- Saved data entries

◆ ◆ ◆ ◆ ◆

lemma has_sum_int_imp_sums_symmetric:
  fixes f :: "int \<Rightarrow> 'a::banach"
  assumes "(f has_sum S) UNIV"
  shows "(\<lambda>n. f (int (Suc n)) + f (- int (Suc n))) sums (S - f 0)"
proof -
  define A where "A = UNIV - {0::int}"
  have sum_A: "(f has_sum (S - f 0)) A"
  proof -
    have "(f has_sum infsum f A) A"
      using summable_on_subset_banach[OF has_sum_imp_summable[OF assms]] by (intro has_sum_infsum) simp
    then have "(f has_sum (f 0 + infsum f A)) UNIV"
      using has_sum_insert[of 0 A f] by (simp add: A_def insert_absorb)
    then show ?thesis
      using \<open>(f has_sum infsum f A) A\<close> has_sum_unique[OF assms] by fastforce
  qed
  define g where "g = (\<lambda>(n::nat, b::bool). if b then int (Suc n) else - int (Suc n))"
  define g' where "g' = (\<lambda>x::int. (nat \<bar>x\<bar> - 1, x > 0))"
  have "((f \<circ> g) has_sum (S - f 0)) (UNIV \<times> UNIV)"
    using sum_A
    by (intro has_sum_reindex_bij_witness[where i = g' and j = g, THEN iffD2])
      (auto simp: g_def g'_def A_def split: if_splits)
  then have "((\<lambda>n. f (int (Suc n)) + f (- int (Suc n))) has_sum (S - f 0)) UNIV"
    by (rule has_sum_SigmaD) (auto intro!: has_sum_finiteI simp: g_def UNIV_bool)
  then show ?thesis
    by (rule has_sum_imp_sums)
qed

section \<open>\<open>q\<close>-factorials and Cauchy's \<open>q\<close>-binomial theorem\<close>

definition qfact :: "real \<Rightarrow> nat \<Rightarrow> real" where
  "qfact q n = (\<Prod>j<n. 1 - q ^ Suc j)"

definition qbinom :: "real \<Rightarrow> nat \<Rightarrow> nat \<Rightarrow> real" where
  "qbinom q n k = (if k \<le> n then qfact q n / (qfact q k * qfact q (n - k)) else 0)"

lemma qfact_0 [simp]: "qfact q 0 = 1"
  by (simp add: qfact_def)

lemma qfact_Suc: "qfact q (Suc n) = qfact q n * (1 - q ^ Suc n)"
  by (simp add: qfact_def)
lemma exists_T32_pair:
  assumes "lts_nilpotent s t" "dim (UNIV :: 'v set) = 3" "t x y z \<noteq> 0"
  obtains e1 e2 where "t e1 e2 e1 \<noteq> 0" "t e1 e2 e2 = 0"
proof -
  define w where "w = t x y z"
  have "w \<in> center" "w \<noteq> 0"
    using lcs1_subset_center[OF assms(1,2)] t_in_lcs1 assms(3) unfolding w_def by auto
  have line: "lcs1 \<subseteq> span {w}"
    using lcs1_subset_line[OF assms(1,2)] t_in_lcs1 assms(3) unfolding w_def by blast
  obtain \<alpha> \<beta> where \<alpha>: "t x y x = s \<alpha> w" and \<beta>: "t x y y = s \<beta> w"
    using line t_in_lcs1 span_singleton by (metis (no_types, lifting) imageE subsetD)
  have "\<alpha> \<noteq> 0 \<or> \<beta> \<noteq> 0"
  proof (rule ccontr)
    assume "\<not> (\<alpha> \<noteq> 0 \<or> \<beta> \<noteq> 0)"
    have "bij (lincomb3 x y w)"
      using bij_lincomb3 triangular_if_t_ne_0 \<open>w \<in> center\<close> \<open>w \<noteq> 0\<close> assms(2,3) by blast
    then obtain a b c where z: "z = lincomb3 x y w (a, b, c)"
      by (metis bij_is_surj surj_f_inv_f prod_cases3)
    have "w = t x y z"
      by (fact w_def)
    also have "\<dots> = t x y (lincomb3 x y w (a, b, c))"
      using z by (rule arg_cong)
    also have "\<dots> = s a (t x y x) + s b (t x y y)"
      using \<open>w \<in> center\<close> unfolding center_def by simp
    finally show False
      using \<alpha> \<beta> \<open>\<not> (\<alpha> \<noteq> 0 \<or> \<beta> \<noteq> 0)\<close> \<open>w \<noteq> 0\<close> by simp
  qed
  then obtain a b where ab: "\<alpha> * a + \<beta> * b = 1"
    by (metis add_0 mult_zero_right right_inverse add.commute)
  \<comment> \<open>e2 spans the part of span {x, y} on which t x y vanishes; e1 is normalised against it.\<close>
  define e1 where "e1 = s a x + s b y"
  define e2 where "e2 = s \<beta> x + s (- \<alpha>) y"
  have "a * - \<alpha> - b * \<beta> = - 1"
    using ab by (simp add: algebra_simps)
  then have e12: "t e1 e2 r = - t x y r" for r
    unfolding e1_def e2_def t_lincomb2 by simp
  show ?thesis
  proof
    have "t e1 e2 e1 = - s (\<alpha> * a + \<beta> * b) w"
      using e12[of e1] \<alpha> \<beta> unfolding e1_def by (simp add: scale_left_distrib mult.commute)
    then show "t e1 e2 e1 \<noteq> 0"
      using ab \<open>w \<noteq> 0\<close> by simp
    show "t e1 e2 e2 = 0"
      using e12[of e2] \<alpha> \<beta> unfolding e2_def by (simp add: mult.commute)
  qed
qed

lemma lts_isomorphic_T32_if_t_ne_0:
  assumes "lts_nilpotent s t" "dim (UNIV :: 'v set) = 3" "t x y z \<noteq> 0"
  shows "lts_isomorphic s t scale3 T32"
proof -
  obtain e1 e2 where e1e2: "t e1 e2 e1 \<noteq> 0" "t e1 e2 e2 = 0"
    using exists_T32_pair[OF assms] .
  have "t e1 e2 e1 \<in> center"
    using lcs1_subset_center[OF assms(1,2)] t_in_lcs1 by blast
  then have "bij (lincomb3 e1 e2 (t e1 e2 e1))"
    using bij_lincomb3 triangular_if_t_ne_0 e1e2(1) assms(2) by blast
  with linear_lincomb3 show ?thesis
    using t_lincomb3_T32[OF \<open>t e1 e2 e1 \<in> center\<close> e1e2(2)] by (rule lts_isomorphicI_inverse)
qed

lemma lts_isomorphic_T31_if_t_eq_0:
  assumes "dim (UNIV :: 'v set) = 3" "\<And>x y z. t x y z = 0"
  shows "lts_isomorphic s t scale3 T31"
proof -
  obtain B where "independent B" "span B = UNIV" "card B = 3"
    using basis_exists[of UNIV] assms(1) by (metis span_UNIV span_eq subset_UNIV)
  then obtain x y z where "independent {x, y, z}" "span {x, y, z} = UNIV" "x \<noteq> y" "x \<noteq> z" "y \<noteq> z"
    by (metis card_3_iff)
  then have "bij (lincomb3 x y z)"
    using assms(1) by (intro bij_lincomb3) (auto simp: independent_insert)
  then show ?thesis
    by (rule lts_isomorphicI_inverse[OF linear_lincomb3]) (simp add: assms(2) T31_def zero_prod_def)
qed

end

theorem mainTheorem3:
  fixes s :: "'a::field \<Rightarrow> 'v::ab_group_add \<Rightarrow> 'v"
    and t :: "'v \<Rightarrow> 'v \<Rightarrow> 'v \<Rightarrow> 'v"
  assumes "CHAR('a) \<noteq> 2"
    and "lie_triple_system s t"
    and "lts_nilpotent s t"
    and "vector_space.dim s (UNIV :: 'v set) = 3"
  shows "lts_isomorphic s t scale3 (T31 :: 'a \<times> 'a \<times> 'a \<Rightarrow> _ \<Rightarrow> _ \<Rightarrow> _) \<noteq>
         lts_isomorphic s t scale3 (T32 :: 'a \<times> 'a \<times> 'a \<Rightarrow> _ \<Rightarrow> _ \<Rightarrow> _)"
proof -
  interpret lts s t
    by (rule lts.intro) fact
  have "lts_isomorphic s t scale3 (T31 :: 'a \<times> 'a \<times> 'a \<Rightarrow> _ \<Rightarrow> _ \<Rightarrow> _) \<longleftrightarrow> (\<forall>x y z. t x y z = 0)"
    using lts_isomorphic_T31_if_t_eq_0 t_eq_0_if_lts_isomorphic_T31 assms(4) by blast
  moreover have "lts_isomorphic s t scale3 (T32 :: 'a \<times> 'a \<times> 'a \<Rightarrow> _ \<Rightarrow> _ \<Rightarrow> _) \<longleftrightarrow> (\<exists>x y z. t x y z \<noteq> 0)"
    using lts_isomorphic_T32_if_t_ne_0 t_ne_0_if_lts_isomorphic_T32 assms(3,4) by blast
  ultimately show ?thesis
    by blast
qed

end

◆ ◆ ◆ ◆ ◆

- What the task asks
From the records above, print exactly the lines that run from the line with "using has_sum_insert[of 0" to the line with "section \<open>\<open>q\<close>-factorials and", inclusive.

- Written response
      using has_sum_insert[of 0 A f] by (simp add: A_def insert_absorb)
    then show ?thesis
      using \<open>(f has_sum infsum f A) A\<close> has_sum_unique[OF assms] by fastforce
  qed
  define g where "g = (\<lambda>(n::nat, b::bool). if b then int (Suc n) else - int (Suc n))"
  define g' where "g' = (\<lambda>x::int. (nat \<bar>x\<bar> - 1, x > 0))"
  have "((f \<circ> g) has_sum (S - f 0)) (UNIV \<times> UNIV)"
    using sum_A
    by (intro has_sum_reindex_bij_witness[where i = g' and j = g, THEN iffD2])
      (auto simp: g_def g'_def A_def split: if_splits)
  then have "((\<lambda>n. f (int (Suc n)) + f (- int (Suc n))) has_sum (S - f 0)) UNIV"
    by (rule has_sum_SigmaD) (auto intro!: has_sum_finiteI simp: g_def UNIV_bool)
  then show ?thesis
    by (rule has_sum_imp_sums)
qed

section \<open>\<open>q\<close>-factorials and Cauchy's \<open>q\<close>-binomial theorem\<close>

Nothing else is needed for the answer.